The Monster and the Ape (1945)

Columbia Pictures aren’t known for great 1940s serials and nothing in The Monster and the Ape will make you think any different. At fifteen chapters that add up to almost five hours, it’s a bad combination of an above-average length and below-average action scenes. It even repeats one cliffhanger. Busy B-movie director Howard Bretherton bangs out this one with a rusty hammer and not enough nails. Meanwhile, the only cast member who has anything resembling screen presence is Willie “Sleep N Eat” Best, running through his usual comic relief lily-liver act, the only role he was allowed to play in old time Hollywood.

About the only reason to recommend this to anyone other than the most deep-digging cliffhanger aficionados (I guess there are a few still alive out there) is that the first chapter isn’t half-bad as these things go. It sets you up for something good and weird.

The first scene is in a laboratory where a seemingly harmless group of scientists present to a room of reporters their advanced new robot invention called The Metalogen Man. It looks like a cross between an Aztec sculpture and Darth Vader with an antenna on its head. If all goes well, this menacing thing will soon “free the human race from the shackles of manual labor and industrial enslavement” (a nice of way of saying that it’s gonna put a lot of people out of work).

So, they turn on Metal Head via radio control and make him lift up a large granite block with one hand. Then they make him rip off a heavy-duty locked door straight from its hinges, a valuable skill when solving industrial enslavement.

The press is enthused. The Metalogen Man might move suspiciously like a guy in a clumsy metal suit who can’t see, but it works.

Later that same night, the scientists who invented the Metalogen Man start dying.

At the hands of an ape. One of those stealth ninja apes who can hide in the backseat of your car for a few miles and then jump up and treat your throat like a tube of Colgate Sparkling Mint.

Obviously an evil genius is behind this and it’s no spoiler to say that it’s George Macready, one of the scientists, because Bretherton’s direction to him seems to have been “Just be a really bad liar”.

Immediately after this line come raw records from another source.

lemma dsum_mult_inj2_mat:
  assumes A: "A \<in> carrier_mat n n" and B: "B \<in> carrier_mat m m"
  shows "dsum A B * inj2_mat n m = inj2_mat n m * B"
proof (rule eq_matI)
  fix i j assume "i < dim_row (inj2_mat n m * B)" "j < dim_col (inj2_mat n m * B)"
  then have ij: "i < n + m" "j < m" using B inj_mat_carrier_mat(2)[of n m] by auto
  then show "(dsum A B * inj2_mat n m) $$ (i, j) = (inj2_mat n m * B) $$ (i, j)"
    using index_mult_inj2_mat[OF dsum_carrier_mat[OF A B] ij] A B
    by (simp add: index_inj2_mat_mult dsum_def)
qed (use A B in \<open>auto simp: dsum_def inj2_mat_def\<close>)

lemma eq_dsum_if_mult_inj_mat:
  assumes W: "W \<in> carrier_mat (n + m) (n + m)" and A: "A \<in> carrier_mat n n" and B: "B \<in> carrier_mat m m"
    and WA: "W * inj1_mat n m = inj1_mat n m * A" and WB: "W * inj2_mat n m = inj2_mat n m * B"
  shows "W = dsum A B"
proof (rule eq_matI)
  fix i j assume "i < dim_row (dsum A B)" "j < dim_col (dsum A B)"
  then have ij: "i < n + m" "j < n + m" using dsum_carrier_mat[OF A B] by auto
  show "W $$ (i, j) = dsum A B $$ (i, j)"
  proof (cases "j < n")
    case True
    then have "W $$ (i, j) = (inj1_mat n m * A) $$ (i, j)"
      using ij W by (simp flip: WA add: index_mult_inj1_mat)
    then show ?thesis using True ij A B by (simp add: index_inj1_mat_mult dsum_def)
  next
    case False
    then have "W $$ (i, j) = (inj2_mat n m * B) $$ (i, j - n)"
      using ij W by (simp flip: WB add: index_mult_inj2_mat)
    then show ?thesis using False ij A B by (simp add: index_inj2_mat_mult dsum_def)
  qed
qed (use W A B dsum_carrier_mat[OF A B] in auto)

All appears to be lost until two-fisted engineer Robert Lowery steps in to help out. He’s a tall, sturdy young guy named Ken Morgan and you can tell right away that no trap doors, collapsing ceilings, car crashes, moving tracks that lead straight toward a lit furnace or any of the other usual cliffhanger situations are going to take him down.

Yawn.

One odd thing: Though The Monster and the Ape definitely has an ape, it doesn’t exactly have a monster. I guess the robot is meant to be The Monster. Wouldn’t The Robot and the Ape have been a better title? Or The Mechanical Man and the Ape (if nobody in 1945 knew what a robot was)? This is keeping me up at night.

We won’t even get into how the ape is only in this for a few chapters and doesn’t rate being mentioned in the title. (Kids love apes, I guess. Fine.)

Truly trivial trivia: Howard Bretherton later directed Because of Eve, one of the infamous old “sex hygiene” films that were shown in tents on roadshows and that always climaxed with real-life birth footage and shots of genital sores. Those things are always atrociously directed and slapped together. Going by this serial, Bretherton was the perfect guy for the job.